Landgericht glaubt Ausführungen des Opfers aus Lichtenau
Haftstrafe für Vergewaltiger

Paderborn/Lichtenau( WB). Es sei ein Racheakt gewesen, dass seine Ex-Freundin ihn angezeigt habe, erklärte der 32-Jährige. Aber das Gericht glaubte ihm nicht. Für zwei Jahre und zehn Monate soll der Herdecker hinter Gitter – wegen Vergewaltigung.

Dienstag, 29.10.2019, 18:13 Uhr aktualisiert: 29.10.2019, 18:16 Uhr
Symbolbild. Foto: Jörn Hannemann
Symbolbild. Foto: Jörn Hannemann

Der 32-Jährige musste sich vor der 1. Großen Strafkammer des Landgerichts verantworten, weil er im Sommer 2016 seine gleichaltrige Freundin zum Sex gezwungen haben soll. Am zweiten Prozesstag am Dienstag machte der Angeklagte von der Gelegenheit Gebrauch, die Vorwürfe aus seiner Sicht zu schildern. Und die lautete: Es gab stets nur einvernehmlichen Sex zwischen ihm und der Lichtenauerin. Aber bei der Trennung im Oktober 2016 habe sie ihm an den Kopf geworfen: »Du wirst schon noch sehen, was Du davon hast«. Die später erfolgten Anzeigen – eine wegen Nötigung, eine spätere wegen der jetzt verhandelten Vergewaltigung – seien Racheakte gewesen.

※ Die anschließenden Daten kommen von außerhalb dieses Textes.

lemma prob_slot_pmf:
  "measure_pmf.prob (slot_pmf n m t act) E =
     (\<integral>pos. measure_pmf.prob (Pi_pmf {..<n} None (act pos)) {a. (pos, a) \<in> E} \<partial>positions_pmf n m t)"
proof -
  have "slot_pmf n m t act
      = bind_pmf (positions_pmf n m t) (\<lambda>pos. map_pmf (Pair pos) (Pi_pmf {..<n} None (act pos)))"
    unfolding slot_pmf_def map_pmf_def by simp
  then show ?thesis
    by (simp add: measure_pmf_prob_bind vimage_def)
qed

lemma prob_Pi_pmf_transmit_others_silent:
  fixes act :: "'i \<Rightarrow> 'a option pmf"
  assumes "finite I" "i \<in> I" "Bad \<subseteq> I" "i \<notin> Bad"
  shows "pmf (act i) (Some j) * (\<Prod>k\<in>Bad. pmf (act k) None)
       \<le> measure_pmf.prob (Pi_pmf I None act) {a. a i = Some j \<and> (\<forall>k\<in>Bad. a k = None)}"
proof -
  define C where "C = (\<lambda>k. if k = i then {Some j} else if k \<in> Bad then {None} else UNIV)"
  have "measure_pmf.prob (Pi_pmf I None act) (PiE_dflt I None C) = (\<Prod>k\<in>I. measure_pmf.prob (act k) (C k))"
    using assms(1) by (rule measure_Pi_pmf_PiE_dflt)
  also have "\<dots> = measure_pmf.prob (act i) (C i) * (\<Prod>k\<in>I - {i}. measure_pmf.prob (act k) (C k))"
    using assms(1,2) by (rule prod.remove)
  also have "(\<Prod>k\<in>I - {i}. measure_pmf.prob (act k) (C k)) = (\<Prod>k\<in>I - {i}. if k \<in> Bad then pmf (act k) None else 1)"
    by (intro prod.cong) (auto simp: C_def measure_pmf_single)
  also have "\<dots> = (\<Prod>k\<in>(I - {i}) \<inter> Bad. pmf (act k) None)"
    using assms(1) by (intro prod.inter_restrict[symmetric]) simp
  also have "(I - {i}) \<inter> Bad = Bad"
    using assms by auto
  also have "measure_pmf.prob (act i) (C i) = pmf (act i) (Some j)"
    by (simp add: C_def measure_pmf_single)
  finally have "measure_pmf.prob (Pi_pmf I None act) (PiE_dflt I None C)
      = pmf (act i) (Some j) * (\<Prod>k\<in>Bad. pmf (act k) None)" .
  moreover have "PiE_dflt I None C \<subseteq> {a. a i = Some j \<and> (\<forall>k\<in>Bad. a k = None)}"
    unfolding PiE_dflt_def C_def using assms by auto
  then have "measure_pmf.prob (Pi_pmf I None act) (PiE_dflt I None C)
      \<le> measure_pmf.prob (Pi_pmf I None act) {a. a i = Some j \<and> (\<forall>k\<in>Bad. a k = None)}"
    by (intro measure_pmf.finite_measure_mono) simp_all
  ultimately show ?thesis
    by simp
qed
(* Let $L$ be a pretransitive logic, $k\le\omega$, and let $\mathfrak F=(W,(R_i)_{i<n})$ be the $k$-canonical frame of $L$. If $x\in W$ and $\varphi$ is a $k$-formula with $\varphi\in x$, then the set $R^*_{\mathfrak F}(x)\cap\{y\in W\mid \varphi\in y\}$ has a maximal element.
   Context: Logics are normal $n$-modal logics (sets of formulas over $p_0,p_1,\dots$, $\to,\bot$, $\Diamond_i$ ($i<n$), containing tautologies, $\Diamond_i(p\vee q)\to\Diamond_ip\vee\Diamond_iq$, $\neg\Diamond_i\bot$, closed under modus ponens, substitution and monotonicity). A $k$-formula uses only variables $p_j$, $j<k$. With $\Diamond^0\varphi=\varphi$, $\Diamond^{i+1}\varphi=\Diamond^i(\bigvee_{j<n}\Diamond_j\varphi)$, $\Diamond^{\le m}\varphi=\bigvee_{i\le m}\Diamond^i\varphi$, a logic is pretransitive if it contains $\Diamond^{m+1}p\to\Diamond^{\le m}p$ for some $m$. For a consistent logic $L$, the $k$-canonical frame has as points the maximal $L$-consistent sets of $k$-formulas, with $xR_iy$ iff $\Diamond_i\psi\in x$ for every $k$-formula $\psi\in y$. For a frame, $R_{\mathfrak F}=\bigcup_{i<n}R_i$, $R^*_{\mathfrak F}$ is its reflexive transitive closure, and $R^*_{\mathfrak F}(x)=\{y\mid xR^*_{\mathfrak F}y\}$. An element $x$ of a subset $V\subseteq W$ is a maximal element of $V$ if for all $y\in V$, $xR^*_{\mathfrak F}y$ implies $yR^*_{\mathfrak F}x$. *)

theory Defs
  imports Main "HOL-Library.Extended_Nat"
begin

datatype fm = Var nat | Bot | Imp fm fm | Dia nat fm

definition Neg :: "fm \<Rightarrow> fm" where "Neg a = Imp a Bot"
definition Top :: fm where "Top = Imp Bot Bot"
definition Or :: "fm \<Rightarrow> fm \<Rightarrow> fm" where "Or a b = Imp (Neg a) b"
definition And :: "fm \<Rightarrow> fm \<Rightarrow> fm" where "And a b = Neg (Imp a (Neg b))"

fun Disj :: "fm list \<Rightarrow> fm" where
  "Disj [] = Bot"
| "Disj (a # as) = Or a (Disj as)"

fun Conj :: "fm list \<Rightarrow> fm" where
  "Conj [] = Top"
| "Conj (a # as) = And a (Conj as)"

fun vars :: "fm \<Rightarrow> nat set" where
  "vars (Var j) = {j}"
| "vars Bot = {}"
| "vars (Imp a b) = vars a \<union> vars b"
| "vars (Dia i a) = vars a"

fun mods :: "fm \<Rightarrow> nat set" where
  "mods (Var j) = {}"
| "mods Bot = {}"
| "mods (Imp a b) = mods a \<union> mods b"
| "mods (Dia i a) = insert i (mods a)"

definition nfm :: "nat \<Rightarrow> fm \<Rightarrow> bool" where
  "nfm n a \<longleftrightarrow> (\<forall>i\<in>mods a. i < n)"
(* There is an absolute constant $C$ such that for every integer $r\ge 10$ there exists an integer $d\le C r^4\log r$ (i.e. $d\in O(r^4\log r)$) such that the following holds for every integer $k\ge 1$. Let $G$ be a $k\times k$ pseudogrid with grid-partition $\mathcal{P}:=\{V(P_\mu):\mu\in\mathrm{VE}(G_k)\}$ and let $\varphi$ be a vertex colouring of $G$ such that for every $A\subseteq\varphi(V(G))$, $|\varphi_{\mathcal{P}}^{-1}(A)\cap\mathrm{VE}(\mathrm{int}_r(G_k))|\ge d|A|$. Then there exists $S\subseteq\mathrm{int}_r(G)$ such that (i) $|\varphi^{-1}(\alpha)\cap S|=2$ for each $\alpha\in\varphi(V(G))$; and (ii) $|\tilde{B}_r(v)\cap S|\le 2$ for each $v\in S$.
   Context: The grid $G_k$ has vertex set $\{1,\dots,k\}^2$, with $(i_1,j_1)$ and $(i_2,j_2)$ adjacent iff $|i_1-i_2|+|j_1-j_2|=1$. For a graph $H$, $\mathrm{VE}(H):=V(H)\cup E(H)$. A $k\times k$ pseudogrid is any graph obtained from $G_k$ as follows: each edge $vw$ is replaced by a path $\overline{P}_{vw}$ with endpoints $v,w$ (subdividing $vw$ zero or more times); each vertex $v=(i,j)$ of degree $4$ is replaced by a nonempty path $P_v$: if $P_v$ has one vertex it plays the role of $v$; otherwise its endpoints $p,q$ are attached, $p$ to the paths $\overline{P}_{vw}$ towards two of the grid neighbours of $v$ and $q$ to the other two, in one of the patterns (Q1) $p$: $(i-1,j),(i,j-1)$, $q$: $(i+1,j),(i,j+1)$; (Q2) $p$: $(i,j+1),(i-1,j)$, $q$: $(i,j-1),(i+1,j)$; (Q3) $p$: $(i-1,j),(i+1,j)$, $q$: $(i,j-1),(i,j+1)$. For each grid edge $vw$, $P_{vw}$ is the (possibly empty) path of internal vertices of $\overline{P}_{vw}$; for each grid vertex $v$ of degree less than $4$, $P_v$ is the one-vertex path on $v$; $\{V(P_\mu):\mu\in\mathrm{VE}(G_k)\}$ is the grid-partition. $\mathrm{int}_r(G_k)$ is the subgraph of $G_k$ induced on $\{1+r,\dots,k-r\}^2$, and $\mathrm{int}_r(G):=\bigcup_{\mu\in\mathrm{VE}(\mathrm{int}_r(G_k))}V(P_\mu)$. Boxes: for a vertex $v=(i,j)$ of $G_k$, $B_r(v):=(\{i-r,\dots,i+r\}\times\{j-r,\dots,j+r\})\cap V(G_k)$; for an edge $vw$, $B_r(vw):=B_r(v)\cup B_r(w)$; $G_r(\mu):=G_k[B_r(\mu)]$; $\tilde{B}_r(\mu):=\bigcup_{\nu\in\mathrm{VE}(G_r(\mu))}V(P_\nu)$; for $v\in V(G)$, $\tilde{B}_r(v):=\tilde{B}_r(\mu_v)$ where $\mu_v$ is the unique object with $v\in V(P_{\mu_v})$. For a vertex colouring $\varphi$: $\varphi(V(G))$ is the set of colours used; $\varphi^{-1}(\alpha):=\{v\in V(G):\varphi(v)=\alpha\}$; $\varphi_{\mathcal{P}}(\mu):=\{\varphi(v):v\in V(P_\mu)\}$; $\varphi_{\mathcal{P}}^{-1}(A):=\{\mu\in\mathrm{VE}(G_k):A\cap\varphi_{\mathcal{P}}(\mu)\neq\emptyset\}$. *)

theory Defs
  imports Complex_Main
begin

Angeklagter nennt sich selbst einen »Lügenbaron«

Dass die Strafkammer dem 32-Jährigen das nicht glaubte, liegt auch ein bisschen an dem Drumherum, was der Angeklagte bot. Er räumte ein, tatsächlich »ein Lügenbaron« zu sein, immer wieder seinen Status, Herkunft und finanzielle Situation stark zu übertreiben, um sich interessant zu machen. Dass vor Gericht auch ein erneutes Lügengebäude zusammenbrechen würde, war nicht zu verhindern: Der 32-Jährige sprach mehrfach von einer psychischen Erkrankung, die er aber nicht näher beschreiben konnte oder wollte. »Eine seelische Störung ist sicher auszuschließen«, sagte hingegen der Psychiater Dr. Michael Hintersdorf. Wohl gebe es eine »impulsive Aggressivität«, die sich in Situationen entladen könne, in denen der Angeklagte in seinem Gefühl der eigenen Großartigkeit beeinträchtigt werde. Ansonsten sei der auffälligste Persönlichkeitszug jener, zu lügen, um Eindruck zu machen. An seiner Schuldfähigkeit ändere dies nichts.

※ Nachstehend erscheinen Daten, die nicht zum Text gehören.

(* Let $N\ge1$, $n\ge1$, $\beta>0$ real, and let $X^{(\beta,N)}_k$ ($k\in\mathcal L^{(1)}_n$) and $T^{(1)}_{ab}(\beta)$ be as in the context. Then: (i) for each $a=1,\dots,N$, $T^{(1)}_{aa}(\beta)X^{(\beta,N)}_k=\#\{i:\underline{k_i}=a\}\,X^{(\beta,N)}_k$; (ii) with $D=z_1\partial_{z_1}+\dots+z_n\partial_{z_n}$, $DX^{(\beta,N)}_k=|\overline{k}|\,X^{(\beta,N)}_k$, where $|\overline k|=\overline{k_1}+\dots+\overline{k_n}$.
   Context: For $k\in\mathbb Z$, $\underline{k}\in\{1,\dots,N\}$, $\overline{k}\in\mathbb Z$ unique with $k=\underline{k}-N\overline{k}$ (componentwise on sequences). Dominance order on $\mathbb Z^n$: distinct $k>l$ iff $\sum k_i=\sum l_i$ and $k_1+\dots+k_i\ge l_1+\dots+l_i$ for all $i$. $\mathcal L^{(1)}_n$ = strictly decreasing sequences in $\mathbb Z^n$. $V=\mathbb C^N$ (basis $v_a$, matrix units $E_{ab}$, $E^{(i)}_{ab}$ acting on the $i$-th factor of $V^{\otimes n}$). On $\mathbb C[z_1^{\pm1},\dots,z_n^{\pm1}]\otimes V^{\otimes n}$, $K_{ij}$ swaps $z_i,z_j$, $P_{ij}$ swaps factors $i,j$; $F_{N,n}=\{f:K_{ij}f=-P_{ij}f\}$, with basis $\hat u_k=\sum_{w\in S_n}\mathrm{sign}(w)z_1^{\overline{k_{w(1)}}}\cdots z_n^{\overline{k_{w(n)}}}\otimes v_{\underline{k_{w(1)}}}\otimes\cdots\otimes v_{\underline{k_{w(n)}}}$, $k\in\mathcal L^{(1)}_n$. $Y(\mathfrak{gl}_N)$ is generated by the coefficients of $T_{ab}(u)=\delta_{ab}+\sum_sT^{(s)}_{ab}u^{-s}$ with $(u-v)[T_{ab}(u),T_{cd}(v)]=T_{cb}(v)T_{ad}(u)-T_{cb}(u)T_{ad}(v)$; $A_m(u)=\sum_{w\in S_m}\mathrm{sign}(w)T_{1w(1)}(u)\cdots T_{mw(m)}(u-m+1)$. Let $d_i(\beta)=\beta^{-1}z_i\partial_{z_i}+n-i+\sum_{j>i}\frac{z_j}{z_j-z_i}(K_{ij}-1)-\sum_{j<i}\frac{z_i}{z_i-z_j}(K_{ij}-1)$, $L^{(i)}_{ab}(u)=\delta_{ab}+(u+d_i(\beta))^{-1}E^{(i)}_{ba}$ (expanded in $u^{-1}$) and $T_{ab}(u;\beta)=\sum_cL^{(1)}_{ac_1}(u)\cdots L^{(n)}_{c_{n-1}b}(u)$; this defines a $Y(\mathfrak{gl}_N)$-action on $F_{N,n}$, $A_m(u;\beta)$ is the image of $A_m(u)$, and $T^{(1)}_{ab}(\beta)$ is the coefficient of $u^{-1}$ in $T_{ab}(u;\beta)$ (equal to $\sum_iE^{(i)}_{ba}$). For $k\in\mathcal L^{(1)}_n$, $X^{(\beta,N)}_k$ is the unique common eigenvector of all coefficients of $A_1(u;\beta),\dots,A_N(u;\beta)$ of the form $\hat u_k+\sum_{l\in\mathcal L^{(1)}_n,\,l<k}c_{kl}\hat u_l$. *)

theory Defs
  imports Complex_Main "HOL-Combinatorics.Permutations"
begin

text \<open>Elements of C[z_1^{+-1},...,z_n^{+-1}] (x) V^{(x)n} are represented by their coefficient
functions on basis keys (e, c): e = exponent list (length n), c = list of tensor indices in {1..N}
(length n); the key (e,c) stands for z^e (x) v_{c_1} (x) ... (x) v_{c_n}.
Positions (the index i of z_i, K_ij, E^(i), d_i) are 0-based list positions i < n.
Operator-valued formal series in u^{-1} are functions nat => operator (coefficient of u^{-s}).\<close>

type_synonym key = "int list \<times> nat list"
type_synonym vec = "key \<Rightarrow> complex"
type_synonym op = "vec \<Rightarrow> vec"
type_synonym ser = "nat \<Rightarrow> op"

definition vzero :: vec where "vzero = (\<lambda>_. 0)"
definition vadd :: "vec \<Rightarrow> vec \<Rightarrow> vec" where "vadd f g = (\<lambda>k. f k + g k)"
definition vscale :: "complex \<Rightarrow> vec \<Rightarrow> vec" where "vscale a f = (\<lambda>k. a * f k)"
definition vsum :: "('a \<Rightarrow> vec) \<Rightarrow> 'a set \<Rightarrow> vec" where "vsum F A = (\<lambda>k. \<Sum>a\<in>A. F a k)"
definition opsum :: "('a \<Rightarrow> op) \<Rightarrow> 'a set \<Rightarrow> op" where "opsum F A = (\<lambda>f. vsum (\<lambda>a. F a f) A)"

definition basis :: "key \<Rightarrow> vec" where "basis k = (\<lambda>k'. if k' = k then 1 else 0)"

text \<open>Linear extension of an action on basis vectors (to finitely supported vectors).\<close>
definition lin :: "(key \<Rightarrow> vec) \<Rightarrow> op" where
  "lin M f = vsum (\<lambda>k'. vscale (f k') (M k')) {k'. f k' \<noteq> 0}"

definition swapl :: "nat \<Rightarrow> nat \<Rightarrow> 'a list \<Rightarrow> 'a list" where
  "swapl i j xs = xs[i := xs ! j, j := xs ! i]"

text \<open>K_ij swaps z_i and z_j; P_ij swaps tensor factors i and j.\<close>
definition Kop :: "nat \<Rightarrow> nat \<Rightarrow> op" where "Kop i j f = (\<lambda>(e, c). f (swapl i j e, c))"
definition Pop :: "nat \<Rightarrow> nat \<Rightarrow> op" where "Pop i j f = (\<lambda>(e, c). f (e, swapl i j c))"

text \<open>z_i d/dz_i\<close>
definition zdop :: "nat \<Rightarrow> op" where "zdop i f = (\<lambda>(e, c). of_int (e ! i) * f (e, c))"

text \<open>E^{(i)}_{ab}: E_{ab} v_b = v_a on the i-th factor.\<close>
definition Eop :: "nat \<Rightarrow> nat \<Rightarrow> nat \<Rightarrow> op" where
  "Eop i a b f = (\<lambda>(e, c). if c ! i = a then f (e, c[i := b]) else 0)"

text \<open>Rop i j = z_j/(z_j - z_i) (K_ij - 1), computed on monomials:
 for x = z_i, y = z_j:  y/(y-x) (x^b y^a - x^a y^b) = sum_{t<a-b} x^(b+t) y^(a-t) if a > b,
 = - sum_{t<b-a} x^(a+t) y^(b-t) if a < b, and 0 if a = b.\<close>
definition Rimg :: "nat \<Rightarrow> nat \<Rightarrow> key \<Rightarrow> vec" where
  "Rimg i j k = (case k of (e, c) \<Rightarrow>
     (let a = e ! i; b = e ! j in
      if b < a then vsum (\<lambda>t. basis (e[i := b + int t, j := a - int t], c)) {..<nat (a - b)}
      else if a < b then vscale (-1) (vsum (\<lambda>t. basis (e[i := a + int t, j := b - int t], c)) {..<nat (b - a)})
      else vzero))"

definition Rop :: "nat \<Rightarrow> nat \<Rightarrow> op" where "Rop i j = lin (Rimg i j)"

text \<open>d_i(beta), for 0-based position i (so the constant n - i of the paper becomes n - 1 - i).\<close>
definition dop :: "nat \<Rightarrow> real \<Rightarrow> nat \<Rightarrow> op" where
  "dop n \<beta> i f = (\<lambda>k. complex_of_real (1 / \<beta>) * zdop i f k + of_nat (n - 1 - i) * f k
      + (\<Sum>j\<in>{i<..<n}. Rop i j f k) - (\<Sum>j\<in>{..<i}. Rop j i f k))"

definition unitser :: ser where "unitser s = (if s = 0 then id else (\<lambda>_. vzero))"

definition conv :: "ser \<Rightarrow> ser \<Rightarrow> ser" where
  "conv S1 S2 s = opsum (\<lambda>p. S1 p \<circ> S2 (s - p)) {..s}"

text \<open>L^{(i)}_{ab}(u) = delta_ab + (u + d_i)^{-1} E^{(i)}_{ba}
  = delta_ab + sum_{s>=1} (-1)^(s-1) d_i^(s-1) E^{(i)}_{ba} u^{-s}.\<close>
definition Lser :: "nat \<Rightarrow> real \<Rightarrow> nat \<Rightarrow> nat \<Rightarrow> nat \<Rightarrow> ser" where
  "Lser n \<beta> i a b s = (if s = 0 then (if a = b then id else (\<lambda>_. vzero))
      else (\<lambda>f. vscale ((-1) ^ (s - 1)) ((dop n \<beta> i ^^ (s - 1)) (Eop i b a f))))"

Verteidigung will Freispruch

Die Anträge der Prozessparteien hätten gegensätzlicher nicht sein können. Die Verteidiger Bettina Birk und Andreas Schmidt forderten Freispruch – die Aussagen der Ex-Freundin seien geprägt von Widersprüchen und Erinnerungslücken, eine Vergewaltigung lasse sich nicht beweisen. Rechtsanwalt Thorsten Fust als Vertreter des Opfers beantragte »mindestens dreieinhalb Jahre«: Was der Angeklagte sage, passe nicht zusammen. »Ich ich frage mich, ob er es selbst glaubt«, sagte Fust.

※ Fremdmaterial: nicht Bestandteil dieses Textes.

text \<open>For \<open>Y = \<Sum>\<^sub>k c\<^sub>k E\<^sub>k\<close> the density term \<open>vol'(Y) / vol\<close> of the divergence collects
  \<open>\<Sum>\<^sub>b coframe b (E\<^sub>b' Y)\<close>, which together with the trace of \<open>Y'\<close> leaves only brackets
  \<open>[E\<^sub>b, E\<^sub>k]\<close>, i.e. connection coefficients.\<close>

lemma frame_divergence:
  assumes q: "q \<in> U" and c: "\<And>k. smooth_on U (c k)"
  shows "trace (jacobian (\<lambda>r. \<Sum>k\<in>Idx. c k r *\<^sub>R E k r) (at q))
           - pd vol q (\<Sum>k\<in>Idx. c k q *\<^sub>R E k q) / vol q
       = (\<Sum>k\<in>Idx. dir_deriv (E k) (c k) q + c k q * (\<Sum>j\<in>Idx. \<omega> j k j q))"
proof -
  let ?Y = "\<lambda>r. \<Sum>k\<in>Idx. c k r *\<^sub>R E k r"
  note \<theta> = linear_add[OF linear_coframe[OF q]] linear_scale[OF linear_coframe[OF q]]
    linear_sum[OF linear_coframe[OF q]] coframe_E[OF q]
  have smY: "smooth_on U ?Y"
    using smooth_on_scaleR[OF U_open c smooth_E] by (intro smooth_on_sum[OF U_open]) auto
  have "(?Y has_derivative (\<lambda>w. \<Sum>k\<in>Idx. c k q *\<^sub>R pd (E k) q w + pd (c k) q w *\<^sub>R E k q)) (at q)"
    using c by (intro has_derivative_sum has_derivative_scaleR has_derivative_pd_smooth[OF U_open _ q] smooth_E)
  then have "trace (jacobian ?Y (at q))
      = (\<Sum>b\<in>Idx. \<Sum>k\<in>Idx. c k q * coframe b q (pd (E k) q (E b q)) + pd (c k) q (E b q) * kronecker k b)"
    using trace_jacobian_frame[OF q smY] by (simp add: pd_eqI \<theta>)
  also have "\<dots> = (\<Sum>k\<in>Idx. c k q * (\<Sum>b\<in>Idx. coframe b q (pd (E k) q (E b q))) + dir_deriv (E k) (c k) q)"
    by (simp add: sum_Idx kronecker_def dir_deriv_def algebra_simps)
  finally have "trace (jacobian ?Y (at q)) = \<dots>" .
  moreover have "pd vol q (?Y q) / vol q = (\<Sum>k\<in>Idx. c k q * (\<Sum>b\<in>Idx. coframe b q (pd (E b) q (E k q))))"
    using sqrt_det_Gmat(1)[OF q]
    by (simp add: pd_vol[OF q] linear_add[OF linear_pd[OF U_open smooth_E q]]
        linear_scale[OF linear_pd[OF U_open smooth_E q]] \<theta> sum_Idx field_simps)
  ultimately have "trace (jacobian ?Y (at q)) - pd vol q (?Y q) / vol q
      = (\<Sum>k\<in>Idx. dir_deriv (E k) (c k) q + c k q * ((\<Sum>b\<in>Idx. coframe b q (pd (E k) q (E b q)))
                                                   - (\<Sum>b\<in>Idx. coframe b q (pd (E b) q (E k q)))))"
    by (simp add: sum_Idx algebra_simps)
  also have "\<dots> = (\<Sum>k\<in>Idx. dir_deriv (E k) (c k) q + c k q * (\<Sum>j\<in>Idx. \<omega> j k j q))"
    by (rule sum.cong[OF refl]) (simp only: coframe_bracket[OF q])
  finally show ?thesis .
qed

lemma LC_inner_eq_u: "q \<in> U \<Longrightarrow> LC_inner f e3 e1 e2 q = u q"
  using LC_inner_induced[OF U_open f_smooth e_smooth(1)]
  by (simp add: u_def \<omega>_def F_def E_def dir_deriv_def[abs_def])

Knapp darunter lag die Forderung von Staatsanwältin Melek Topkaya, deren Argumentation die Kammer schließlich folgte. Es gebe keinen Grund, den Schilderungen der 32-Jährigen nicht zu glauben, betonte Richter Eric Schülke: Nämlich dass der Angeklagte an jenem Nachmittag gegen den Willen der Lichtenauerin mit ihr Sex hatte – und sie dabei mit seinem Körpergewicht und seinen Händen fixiert habe. Zwei Jahre und zehn Monate soll der Herdecker hinter Gitter.